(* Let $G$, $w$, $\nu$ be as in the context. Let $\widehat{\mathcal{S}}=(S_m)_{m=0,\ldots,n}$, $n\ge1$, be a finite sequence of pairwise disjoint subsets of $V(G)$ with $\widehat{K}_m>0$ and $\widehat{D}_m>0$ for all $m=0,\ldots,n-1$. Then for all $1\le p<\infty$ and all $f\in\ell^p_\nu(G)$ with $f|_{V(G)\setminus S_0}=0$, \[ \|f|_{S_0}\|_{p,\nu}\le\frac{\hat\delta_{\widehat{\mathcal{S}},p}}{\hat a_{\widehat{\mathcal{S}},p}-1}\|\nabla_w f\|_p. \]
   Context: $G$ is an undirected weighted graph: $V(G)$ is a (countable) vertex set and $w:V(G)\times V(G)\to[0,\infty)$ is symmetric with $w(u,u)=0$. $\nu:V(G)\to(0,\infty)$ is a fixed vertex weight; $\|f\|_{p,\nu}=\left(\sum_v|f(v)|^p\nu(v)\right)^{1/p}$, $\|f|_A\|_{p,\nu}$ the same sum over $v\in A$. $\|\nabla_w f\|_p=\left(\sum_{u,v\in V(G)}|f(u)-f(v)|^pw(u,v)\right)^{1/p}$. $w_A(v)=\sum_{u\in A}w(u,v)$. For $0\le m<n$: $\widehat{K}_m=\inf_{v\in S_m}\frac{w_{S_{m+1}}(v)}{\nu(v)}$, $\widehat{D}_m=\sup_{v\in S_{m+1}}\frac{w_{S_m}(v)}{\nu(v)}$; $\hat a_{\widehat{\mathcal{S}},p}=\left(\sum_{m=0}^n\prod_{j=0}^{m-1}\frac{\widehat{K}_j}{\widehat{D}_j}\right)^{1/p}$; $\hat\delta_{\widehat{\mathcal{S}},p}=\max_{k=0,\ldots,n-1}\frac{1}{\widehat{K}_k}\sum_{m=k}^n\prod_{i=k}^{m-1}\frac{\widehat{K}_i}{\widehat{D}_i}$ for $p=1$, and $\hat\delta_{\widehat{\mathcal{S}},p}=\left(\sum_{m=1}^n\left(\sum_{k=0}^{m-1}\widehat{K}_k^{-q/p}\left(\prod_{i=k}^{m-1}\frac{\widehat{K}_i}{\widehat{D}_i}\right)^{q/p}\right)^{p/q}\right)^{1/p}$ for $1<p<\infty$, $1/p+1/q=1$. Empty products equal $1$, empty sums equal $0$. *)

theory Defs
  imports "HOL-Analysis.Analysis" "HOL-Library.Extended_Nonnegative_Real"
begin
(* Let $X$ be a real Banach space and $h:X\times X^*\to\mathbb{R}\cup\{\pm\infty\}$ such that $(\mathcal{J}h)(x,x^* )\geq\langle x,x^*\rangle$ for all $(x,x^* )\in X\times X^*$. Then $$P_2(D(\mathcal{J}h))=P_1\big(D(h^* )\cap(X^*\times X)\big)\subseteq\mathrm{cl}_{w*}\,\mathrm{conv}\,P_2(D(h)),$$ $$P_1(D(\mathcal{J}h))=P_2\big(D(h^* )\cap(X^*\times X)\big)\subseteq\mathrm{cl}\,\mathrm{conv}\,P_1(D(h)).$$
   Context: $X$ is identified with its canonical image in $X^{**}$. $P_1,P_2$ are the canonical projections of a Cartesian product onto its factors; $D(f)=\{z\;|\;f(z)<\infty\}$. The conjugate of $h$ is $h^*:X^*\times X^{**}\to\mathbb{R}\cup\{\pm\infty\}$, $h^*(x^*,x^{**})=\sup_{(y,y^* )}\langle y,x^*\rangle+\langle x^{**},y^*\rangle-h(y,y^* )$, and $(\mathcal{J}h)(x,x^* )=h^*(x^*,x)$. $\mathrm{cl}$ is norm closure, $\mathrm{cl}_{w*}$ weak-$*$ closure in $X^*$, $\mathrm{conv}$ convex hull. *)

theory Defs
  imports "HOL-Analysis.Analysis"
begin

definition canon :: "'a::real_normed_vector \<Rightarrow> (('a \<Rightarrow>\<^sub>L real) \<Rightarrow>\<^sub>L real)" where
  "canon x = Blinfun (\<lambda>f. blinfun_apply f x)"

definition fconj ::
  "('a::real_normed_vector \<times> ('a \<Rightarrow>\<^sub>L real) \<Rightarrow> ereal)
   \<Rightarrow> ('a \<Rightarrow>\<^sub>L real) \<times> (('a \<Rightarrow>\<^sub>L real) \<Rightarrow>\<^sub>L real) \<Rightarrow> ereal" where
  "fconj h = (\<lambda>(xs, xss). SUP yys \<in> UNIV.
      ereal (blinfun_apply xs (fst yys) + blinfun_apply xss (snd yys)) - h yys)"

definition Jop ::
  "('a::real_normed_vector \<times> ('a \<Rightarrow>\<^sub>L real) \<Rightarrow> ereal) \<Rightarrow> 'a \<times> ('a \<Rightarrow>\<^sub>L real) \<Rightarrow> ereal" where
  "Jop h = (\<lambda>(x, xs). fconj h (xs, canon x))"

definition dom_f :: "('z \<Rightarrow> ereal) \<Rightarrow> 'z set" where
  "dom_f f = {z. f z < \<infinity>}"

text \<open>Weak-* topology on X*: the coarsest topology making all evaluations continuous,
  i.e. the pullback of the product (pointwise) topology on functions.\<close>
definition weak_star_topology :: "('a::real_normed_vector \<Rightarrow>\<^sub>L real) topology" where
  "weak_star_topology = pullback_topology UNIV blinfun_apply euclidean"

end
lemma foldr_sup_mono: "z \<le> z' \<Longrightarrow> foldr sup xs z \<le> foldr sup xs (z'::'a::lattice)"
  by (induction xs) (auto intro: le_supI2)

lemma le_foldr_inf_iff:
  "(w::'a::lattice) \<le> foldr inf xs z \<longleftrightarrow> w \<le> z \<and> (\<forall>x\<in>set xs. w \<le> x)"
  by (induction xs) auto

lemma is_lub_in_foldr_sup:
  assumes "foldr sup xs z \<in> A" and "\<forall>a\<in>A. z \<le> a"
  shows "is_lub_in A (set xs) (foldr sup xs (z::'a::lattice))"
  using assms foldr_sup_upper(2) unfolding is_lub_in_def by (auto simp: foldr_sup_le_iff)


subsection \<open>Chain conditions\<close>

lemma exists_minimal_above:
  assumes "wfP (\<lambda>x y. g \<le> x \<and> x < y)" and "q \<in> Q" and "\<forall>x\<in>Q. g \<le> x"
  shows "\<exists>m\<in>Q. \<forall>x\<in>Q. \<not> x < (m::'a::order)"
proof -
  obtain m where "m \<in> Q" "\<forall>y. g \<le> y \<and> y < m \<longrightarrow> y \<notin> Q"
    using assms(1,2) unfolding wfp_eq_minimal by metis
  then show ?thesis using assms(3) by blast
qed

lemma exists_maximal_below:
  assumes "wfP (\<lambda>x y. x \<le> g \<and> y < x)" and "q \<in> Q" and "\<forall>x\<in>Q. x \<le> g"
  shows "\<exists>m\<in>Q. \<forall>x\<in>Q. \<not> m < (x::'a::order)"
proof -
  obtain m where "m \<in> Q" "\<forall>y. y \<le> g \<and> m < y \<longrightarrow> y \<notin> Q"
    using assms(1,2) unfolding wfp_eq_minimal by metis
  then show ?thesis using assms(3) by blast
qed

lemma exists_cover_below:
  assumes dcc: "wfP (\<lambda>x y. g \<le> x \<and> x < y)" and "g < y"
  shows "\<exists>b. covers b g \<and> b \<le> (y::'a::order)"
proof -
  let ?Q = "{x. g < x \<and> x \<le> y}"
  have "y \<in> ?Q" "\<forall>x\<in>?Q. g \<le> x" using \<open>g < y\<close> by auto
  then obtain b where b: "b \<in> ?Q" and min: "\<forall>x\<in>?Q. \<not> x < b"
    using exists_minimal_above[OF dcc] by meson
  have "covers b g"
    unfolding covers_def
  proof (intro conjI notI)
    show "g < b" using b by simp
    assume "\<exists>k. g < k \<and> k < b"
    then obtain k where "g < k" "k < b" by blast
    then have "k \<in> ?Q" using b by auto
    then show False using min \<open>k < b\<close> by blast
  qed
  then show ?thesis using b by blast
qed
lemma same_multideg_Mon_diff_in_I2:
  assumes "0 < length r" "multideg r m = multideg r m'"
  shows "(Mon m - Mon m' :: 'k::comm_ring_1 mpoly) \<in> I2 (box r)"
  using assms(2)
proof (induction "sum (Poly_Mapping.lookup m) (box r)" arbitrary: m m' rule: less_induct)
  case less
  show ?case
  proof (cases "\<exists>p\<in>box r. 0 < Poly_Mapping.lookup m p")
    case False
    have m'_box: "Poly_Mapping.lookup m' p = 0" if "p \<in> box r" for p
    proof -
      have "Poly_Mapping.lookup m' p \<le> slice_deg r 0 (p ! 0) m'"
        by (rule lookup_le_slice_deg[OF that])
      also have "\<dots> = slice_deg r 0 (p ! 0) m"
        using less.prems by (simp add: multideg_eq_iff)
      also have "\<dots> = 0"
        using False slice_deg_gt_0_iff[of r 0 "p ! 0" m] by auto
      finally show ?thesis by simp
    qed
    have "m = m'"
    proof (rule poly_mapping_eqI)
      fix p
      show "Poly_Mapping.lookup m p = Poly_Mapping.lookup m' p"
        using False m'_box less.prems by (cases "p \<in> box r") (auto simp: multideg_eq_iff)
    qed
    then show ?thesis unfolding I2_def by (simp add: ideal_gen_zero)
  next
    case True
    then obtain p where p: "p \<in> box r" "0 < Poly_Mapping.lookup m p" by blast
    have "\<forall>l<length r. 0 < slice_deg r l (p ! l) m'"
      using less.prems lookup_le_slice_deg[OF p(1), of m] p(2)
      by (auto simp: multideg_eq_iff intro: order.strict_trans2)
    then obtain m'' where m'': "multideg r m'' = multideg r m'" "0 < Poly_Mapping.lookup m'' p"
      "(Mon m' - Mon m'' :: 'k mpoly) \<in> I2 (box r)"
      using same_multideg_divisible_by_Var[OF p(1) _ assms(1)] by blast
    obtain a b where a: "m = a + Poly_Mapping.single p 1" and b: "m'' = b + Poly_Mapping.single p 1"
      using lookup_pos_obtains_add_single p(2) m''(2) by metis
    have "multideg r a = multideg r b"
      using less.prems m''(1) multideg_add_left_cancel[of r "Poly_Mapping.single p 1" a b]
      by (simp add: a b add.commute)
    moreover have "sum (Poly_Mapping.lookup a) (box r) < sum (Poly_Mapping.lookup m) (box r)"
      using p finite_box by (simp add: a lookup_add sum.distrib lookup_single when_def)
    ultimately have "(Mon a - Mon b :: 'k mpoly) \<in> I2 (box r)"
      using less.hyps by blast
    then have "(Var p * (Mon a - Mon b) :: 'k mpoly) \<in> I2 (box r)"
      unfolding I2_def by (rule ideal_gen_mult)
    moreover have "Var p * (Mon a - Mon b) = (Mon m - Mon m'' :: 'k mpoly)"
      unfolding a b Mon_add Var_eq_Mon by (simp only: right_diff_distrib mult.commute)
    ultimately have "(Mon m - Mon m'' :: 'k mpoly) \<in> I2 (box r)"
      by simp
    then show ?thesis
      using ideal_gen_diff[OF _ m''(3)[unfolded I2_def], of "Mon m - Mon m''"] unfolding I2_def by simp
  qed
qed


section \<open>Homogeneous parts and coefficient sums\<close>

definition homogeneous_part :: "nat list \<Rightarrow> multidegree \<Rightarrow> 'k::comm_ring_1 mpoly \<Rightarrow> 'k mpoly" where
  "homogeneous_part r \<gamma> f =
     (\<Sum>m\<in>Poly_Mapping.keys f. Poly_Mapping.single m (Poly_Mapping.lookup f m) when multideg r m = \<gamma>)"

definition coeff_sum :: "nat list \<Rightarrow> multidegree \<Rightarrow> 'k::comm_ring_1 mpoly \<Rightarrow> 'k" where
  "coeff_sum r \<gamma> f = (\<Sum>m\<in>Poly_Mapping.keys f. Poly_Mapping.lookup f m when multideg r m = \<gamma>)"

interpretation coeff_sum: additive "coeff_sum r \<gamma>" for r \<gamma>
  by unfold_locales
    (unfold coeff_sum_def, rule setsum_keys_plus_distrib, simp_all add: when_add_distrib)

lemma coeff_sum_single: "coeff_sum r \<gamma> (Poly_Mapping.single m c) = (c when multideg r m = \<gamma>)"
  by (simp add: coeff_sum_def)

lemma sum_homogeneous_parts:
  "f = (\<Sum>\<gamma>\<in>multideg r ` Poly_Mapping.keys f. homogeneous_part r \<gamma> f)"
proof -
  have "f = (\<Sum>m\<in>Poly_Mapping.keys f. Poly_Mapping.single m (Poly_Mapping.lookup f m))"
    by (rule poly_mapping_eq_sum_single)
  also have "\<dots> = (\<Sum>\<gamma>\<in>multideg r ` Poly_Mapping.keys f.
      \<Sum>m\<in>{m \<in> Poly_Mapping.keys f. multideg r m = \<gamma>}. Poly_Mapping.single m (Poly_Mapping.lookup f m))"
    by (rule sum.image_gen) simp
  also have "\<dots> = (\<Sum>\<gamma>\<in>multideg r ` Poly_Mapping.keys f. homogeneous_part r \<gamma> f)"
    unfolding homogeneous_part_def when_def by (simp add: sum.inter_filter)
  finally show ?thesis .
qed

------------

Your assignment ->
The reply should hold only the lines of the listing above starting at the line containing "using same_multideg_divisible_by_Var[OF p(1)" and ending at the line containing "using p finite_box", exactly as written.

Reply ->
      using same_multideg_divisible_by_Var[OF p(1) _ assms(1)] by blast
    obtain a b where a: "m = a + Poly_Mapping.single p 1" and b: "m'' = b + Poly_Mapping.single p 1"
      using lookup_pos_obtains_add_single p(2) m''(2) by metis
    have "multideg r a = multideg r b"
      using less.prems m''(1) multideg_add_left_cancel[of r "Poly_Mapping.single p 1" a b]
      by (simp add: a b add.commute)
    moreover have "sum (Poly_Mapping.lookup a) (box r) < sum (Poly_Mapping.lookup m) (box r)"
      using p finite_box by (simp add: a lookup_add sum.distrib lookup_single when_def)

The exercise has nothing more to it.